Could you filter the listing for lines with the word "shows" and return them?
━━━━━━━━
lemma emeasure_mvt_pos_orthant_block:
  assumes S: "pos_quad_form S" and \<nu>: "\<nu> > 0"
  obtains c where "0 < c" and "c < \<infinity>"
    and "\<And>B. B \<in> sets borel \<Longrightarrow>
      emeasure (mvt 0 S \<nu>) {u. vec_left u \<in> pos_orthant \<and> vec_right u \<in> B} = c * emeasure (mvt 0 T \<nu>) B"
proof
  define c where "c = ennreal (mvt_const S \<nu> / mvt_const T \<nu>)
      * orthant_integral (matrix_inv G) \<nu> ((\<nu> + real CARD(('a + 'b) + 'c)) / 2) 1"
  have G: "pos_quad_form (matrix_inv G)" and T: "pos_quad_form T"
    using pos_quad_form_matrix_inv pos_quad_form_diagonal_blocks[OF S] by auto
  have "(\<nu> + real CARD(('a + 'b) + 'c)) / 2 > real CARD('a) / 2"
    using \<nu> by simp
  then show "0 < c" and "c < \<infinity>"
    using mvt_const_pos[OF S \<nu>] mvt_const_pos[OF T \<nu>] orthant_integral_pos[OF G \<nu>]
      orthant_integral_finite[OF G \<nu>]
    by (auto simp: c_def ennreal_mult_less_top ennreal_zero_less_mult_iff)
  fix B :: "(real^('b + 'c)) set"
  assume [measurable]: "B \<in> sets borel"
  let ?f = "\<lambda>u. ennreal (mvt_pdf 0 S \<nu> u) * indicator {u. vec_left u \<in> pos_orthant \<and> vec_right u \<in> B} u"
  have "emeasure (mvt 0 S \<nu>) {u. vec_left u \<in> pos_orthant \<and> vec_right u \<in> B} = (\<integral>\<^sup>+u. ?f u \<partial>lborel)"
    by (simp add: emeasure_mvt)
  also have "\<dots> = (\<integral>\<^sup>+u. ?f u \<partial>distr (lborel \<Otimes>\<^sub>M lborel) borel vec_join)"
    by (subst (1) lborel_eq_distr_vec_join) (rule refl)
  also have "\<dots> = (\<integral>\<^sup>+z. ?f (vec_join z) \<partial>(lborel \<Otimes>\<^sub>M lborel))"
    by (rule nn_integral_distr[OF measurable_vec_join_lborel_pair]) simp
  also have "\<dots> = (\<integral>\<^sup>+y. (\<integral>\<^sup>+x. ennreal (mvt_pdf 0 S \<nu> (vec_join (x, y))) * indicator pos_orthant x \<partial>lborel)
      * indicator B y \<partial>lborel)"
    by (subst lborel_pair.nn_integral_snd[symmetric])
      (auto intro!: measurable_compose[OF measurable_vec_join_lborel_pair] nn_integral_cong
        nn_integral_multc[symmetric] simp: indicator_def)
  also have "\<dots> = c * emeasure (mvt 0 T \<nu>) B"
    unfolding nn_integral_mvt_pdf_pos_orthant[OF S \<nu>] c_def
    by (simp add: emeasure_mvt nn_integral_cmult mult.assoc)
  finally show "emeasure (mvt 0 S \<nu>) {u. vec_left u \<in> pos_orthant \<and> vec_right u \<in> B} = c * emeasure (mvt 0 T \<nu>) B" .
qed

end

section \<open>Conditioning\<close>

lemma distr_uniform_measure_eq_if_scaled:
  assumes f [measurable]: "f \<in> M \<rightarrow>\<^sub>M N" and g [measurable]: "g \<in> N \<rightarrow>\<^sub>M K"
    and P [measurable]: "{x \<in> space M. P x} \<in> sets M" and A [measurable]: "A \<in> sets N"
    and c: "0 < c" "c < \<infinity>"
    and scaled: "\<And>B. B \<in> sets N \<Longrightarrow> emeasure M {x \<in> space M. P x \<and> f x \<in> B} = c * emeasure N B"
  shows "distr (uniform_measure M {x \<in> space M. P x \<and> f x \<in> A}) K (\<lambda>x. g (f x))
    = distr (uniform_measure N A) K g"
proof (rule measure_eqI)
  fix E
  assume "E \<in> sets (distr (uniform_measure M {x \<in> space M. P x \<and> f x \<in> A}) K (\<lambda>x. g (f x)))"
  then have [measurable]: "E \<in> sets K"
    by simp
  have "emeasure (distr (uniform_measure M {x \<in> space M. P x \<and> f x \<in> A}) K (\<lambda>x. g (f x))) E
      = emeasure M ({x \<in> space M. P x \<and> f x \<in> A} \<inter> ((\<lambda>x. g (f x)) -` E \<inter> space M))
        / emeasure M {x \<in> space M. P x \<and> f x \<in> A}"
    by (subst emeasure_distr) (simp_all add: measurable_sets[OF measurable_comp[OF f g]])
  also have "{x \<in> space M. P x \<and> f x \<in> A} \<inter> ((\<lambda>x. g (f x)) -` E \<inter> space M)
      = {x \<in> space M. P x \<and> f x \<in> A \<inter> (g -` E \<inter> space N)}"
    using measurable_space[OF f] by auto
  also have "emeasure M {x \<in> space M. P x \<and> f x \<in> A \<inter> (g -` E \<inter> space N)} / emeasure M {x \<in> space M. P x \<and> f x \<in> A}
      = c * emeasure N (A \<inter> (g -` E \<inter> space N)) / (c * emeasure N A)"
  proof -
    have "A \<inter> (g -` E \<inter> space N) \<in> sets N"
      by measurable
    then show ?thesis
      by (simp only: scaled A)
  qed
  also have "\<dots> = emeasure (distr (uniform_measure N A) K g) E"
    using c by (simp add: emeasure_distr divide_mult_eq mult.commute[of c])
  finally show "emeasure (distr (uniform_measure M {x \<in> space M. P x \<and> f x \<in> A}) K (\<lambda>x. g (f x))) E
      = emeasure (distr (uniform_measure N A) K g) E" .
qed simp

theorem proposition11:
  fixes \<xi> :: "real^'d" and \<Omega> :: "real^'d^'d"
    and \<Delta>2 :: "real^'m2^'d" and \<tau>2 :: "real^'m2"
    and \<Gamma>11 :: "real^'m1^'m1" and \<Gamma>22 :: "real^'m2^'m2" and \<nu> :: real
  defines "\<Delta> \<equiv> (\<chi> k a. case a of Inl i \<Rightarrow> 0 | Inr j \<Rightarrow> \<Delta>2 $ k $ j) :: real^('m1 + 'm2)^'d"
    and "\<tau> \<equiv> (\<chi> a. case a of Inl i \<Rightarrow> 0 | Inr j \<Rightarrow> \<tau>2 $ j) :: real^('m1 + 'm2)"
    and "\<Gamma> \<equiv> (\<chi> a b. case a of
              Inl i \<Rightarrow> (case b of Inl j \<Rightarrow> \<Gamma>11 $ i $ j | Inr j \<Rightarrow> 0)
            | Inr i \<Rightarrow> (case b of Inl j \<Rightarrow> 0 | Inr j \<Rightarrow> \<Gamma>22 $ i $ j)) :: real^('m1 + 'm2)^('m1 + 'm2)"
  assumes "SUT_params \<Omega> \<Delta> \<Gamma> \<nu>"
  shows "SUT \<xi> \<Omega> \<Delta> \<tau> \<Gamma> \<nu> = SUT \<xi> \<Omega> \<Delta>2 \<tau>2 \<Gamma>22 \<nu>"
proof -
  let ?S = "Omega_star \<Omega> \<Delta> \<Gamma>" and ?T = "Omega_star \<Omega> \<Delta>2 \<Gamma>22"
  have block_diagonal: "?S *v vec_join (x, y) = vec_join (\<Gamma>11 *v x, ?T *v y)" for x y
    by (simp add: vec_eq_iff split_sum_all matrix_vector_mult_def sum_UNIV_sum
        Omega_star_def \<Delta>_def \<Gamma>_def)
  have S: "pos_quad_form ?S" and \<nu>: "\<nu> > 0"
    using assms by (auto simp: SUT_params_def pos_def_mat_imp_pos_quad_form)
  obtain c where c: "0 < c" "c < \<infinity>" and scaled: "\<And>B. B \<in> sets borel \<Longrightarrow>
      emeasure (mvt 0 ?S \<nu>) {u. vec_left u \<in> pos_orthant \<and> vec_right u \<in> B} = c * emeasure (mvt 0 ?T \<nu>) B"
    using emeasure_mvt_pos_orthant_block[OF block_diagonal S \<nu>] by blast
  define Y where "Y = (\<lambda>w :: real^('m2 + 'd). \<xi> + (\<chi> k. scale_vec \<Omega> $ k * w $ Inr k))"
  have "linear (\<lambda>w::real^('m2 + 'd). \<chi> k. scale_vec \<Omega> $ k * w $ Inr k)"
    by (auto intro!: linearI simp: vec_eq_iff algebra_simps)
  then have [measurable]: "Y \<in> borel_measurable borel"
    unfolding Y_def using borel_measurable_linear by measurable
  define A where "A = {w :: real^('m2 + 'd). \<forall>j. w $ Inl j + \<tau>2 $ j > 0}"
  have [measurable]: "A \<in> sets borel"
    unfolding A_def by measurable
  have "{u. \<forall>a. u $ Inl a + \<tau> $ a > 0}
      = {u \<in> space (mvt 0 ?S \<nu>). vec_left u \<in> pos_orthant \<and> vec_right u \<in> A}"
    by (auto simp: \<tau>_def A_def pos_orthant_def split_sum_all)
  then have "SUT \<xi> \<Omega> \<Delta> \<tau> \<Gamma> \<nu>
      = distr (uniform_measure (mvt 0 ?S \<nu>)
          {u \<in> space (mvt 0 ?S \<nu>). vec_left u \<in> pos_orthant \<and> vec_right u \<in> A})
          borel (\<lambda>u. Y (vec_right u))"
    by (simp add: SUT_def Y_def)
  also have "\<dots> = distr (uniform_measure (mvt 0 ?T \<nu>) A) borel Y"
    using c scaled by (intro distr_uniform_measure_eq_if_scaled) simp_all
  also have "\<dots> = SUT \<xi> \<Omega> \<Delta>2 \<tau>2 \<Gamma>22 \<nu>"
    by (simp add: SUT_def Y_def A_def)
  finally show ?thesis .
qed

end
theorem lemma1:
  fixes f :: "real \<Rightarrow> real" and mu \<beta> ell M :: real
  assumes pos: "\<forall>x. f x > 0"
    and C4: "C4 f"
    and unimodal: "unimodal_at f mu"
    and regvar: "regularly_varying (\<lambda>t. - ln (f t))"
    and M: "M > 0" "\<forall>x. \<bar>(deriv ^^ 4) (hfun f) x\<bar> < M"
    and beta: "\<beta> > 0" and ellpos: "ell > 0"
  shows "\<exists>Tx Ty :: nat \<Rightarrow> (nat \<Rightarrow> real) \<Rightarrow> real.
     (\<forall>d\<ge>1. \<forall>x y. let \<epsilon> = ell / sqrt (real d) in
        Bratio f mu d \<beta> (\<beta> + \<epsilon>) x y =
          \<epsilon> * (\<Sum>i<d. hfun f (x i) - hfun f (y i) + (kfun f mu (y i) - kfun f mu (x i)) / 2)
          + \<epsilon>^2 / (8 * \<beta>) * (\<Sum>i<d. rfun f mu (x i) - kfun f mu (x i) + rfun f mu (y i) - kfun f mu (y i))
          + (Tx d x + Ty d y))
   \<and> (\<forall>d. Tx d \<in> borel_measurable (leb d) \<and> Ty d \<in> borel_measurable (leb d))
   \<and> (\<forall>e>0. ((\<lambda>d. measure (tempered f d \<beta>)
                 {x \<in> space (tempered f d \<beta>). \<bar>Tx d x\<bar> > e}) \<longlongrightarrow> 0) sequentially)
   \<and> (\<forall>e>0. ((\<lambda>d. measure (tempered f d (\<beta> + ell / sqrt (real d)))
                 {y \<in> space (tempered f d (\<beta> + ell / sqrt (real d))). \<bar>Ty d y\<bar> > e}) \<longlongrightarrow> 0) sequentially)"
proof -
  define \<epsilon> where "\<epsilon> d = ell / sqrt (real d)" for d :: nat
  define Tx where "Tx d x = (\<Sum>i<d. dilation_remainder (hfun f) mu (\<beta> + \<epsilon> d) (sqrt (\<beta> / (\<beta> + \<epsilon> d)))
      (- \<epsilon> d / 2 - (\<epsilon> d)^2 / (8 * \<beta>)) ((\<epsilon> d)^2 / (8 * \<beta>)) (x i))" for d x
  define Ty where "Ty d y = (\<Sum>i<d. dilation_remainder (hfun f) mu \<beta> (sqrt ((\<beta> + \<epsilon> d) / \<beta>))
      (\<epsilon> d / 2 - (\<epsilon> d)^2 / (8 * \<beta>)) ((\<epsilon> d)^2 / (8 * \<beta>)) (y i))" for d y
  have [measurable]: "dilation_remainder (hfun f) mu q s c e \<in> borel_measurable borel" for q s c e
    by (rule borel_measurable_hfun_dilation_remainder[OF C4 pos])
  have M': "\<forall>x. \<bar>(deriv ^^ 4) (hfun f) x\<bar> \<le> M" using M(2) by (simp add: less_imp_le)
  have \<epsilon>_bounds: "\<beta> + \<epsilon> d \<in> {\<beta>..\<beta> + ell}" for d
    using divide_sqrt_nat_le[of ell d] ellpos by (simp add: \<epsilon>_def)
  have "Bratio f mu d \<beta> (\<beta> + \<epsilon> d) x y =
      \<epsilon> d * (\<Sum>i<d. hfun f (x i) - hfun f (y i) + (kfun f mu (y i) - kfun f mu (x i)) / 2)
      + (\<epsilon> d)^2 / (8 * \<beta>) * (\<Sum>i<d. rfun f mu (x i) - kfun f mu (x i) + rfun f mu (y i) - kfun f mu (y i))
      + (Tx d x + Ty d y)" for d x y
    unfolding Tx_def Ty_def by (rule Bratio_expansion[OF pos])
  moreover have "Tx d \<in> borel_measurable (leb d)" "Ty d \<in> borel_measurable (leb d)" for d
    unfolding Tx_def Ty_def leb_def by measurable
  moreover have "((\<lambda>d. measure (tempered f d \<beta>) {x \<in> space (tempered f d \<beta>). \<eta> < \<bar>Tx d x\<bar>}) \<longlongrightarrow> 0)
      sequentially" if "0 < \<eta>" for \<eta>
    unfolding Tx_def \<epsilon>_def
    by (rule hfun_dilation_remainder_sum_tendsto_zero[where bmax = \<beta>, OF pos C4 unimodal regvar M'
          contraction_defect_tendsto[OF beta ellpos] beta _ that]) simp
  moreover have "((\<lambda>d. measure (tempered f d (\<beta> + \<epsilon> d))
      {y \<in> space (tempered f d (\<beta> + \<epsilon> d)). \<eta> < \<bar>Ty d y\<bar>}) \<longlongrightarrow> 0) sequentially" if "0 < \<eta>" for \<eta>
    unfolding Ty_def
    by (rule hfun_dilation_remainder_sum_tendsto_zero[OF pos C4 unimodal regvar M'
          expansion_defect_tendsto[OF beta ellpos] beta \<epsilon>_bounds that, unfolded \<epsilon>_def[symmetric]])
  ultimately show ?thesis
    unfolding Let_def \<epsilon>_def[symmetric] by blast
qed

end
━━━━━━━━
• _PROBLEM SOLUTION_:
  shows "distr (uniform_measure M {x \<in> space M. P x \<and> f x \<in> A}) K (\<lambda>x. g (f x))
  shows "SUT \<xi> \<Omega> \<Delta> \<tau> \<Gamma> \<nu> = SUT \<xi> \<Omega> \<Delta>2 \<tau>2 \<Gamma>22 \<nu>"
  shows "\<exists>Tx Ty :: nat \<Rightarrow> (nat \<Rightarrow> real) \<Rightarrow> real.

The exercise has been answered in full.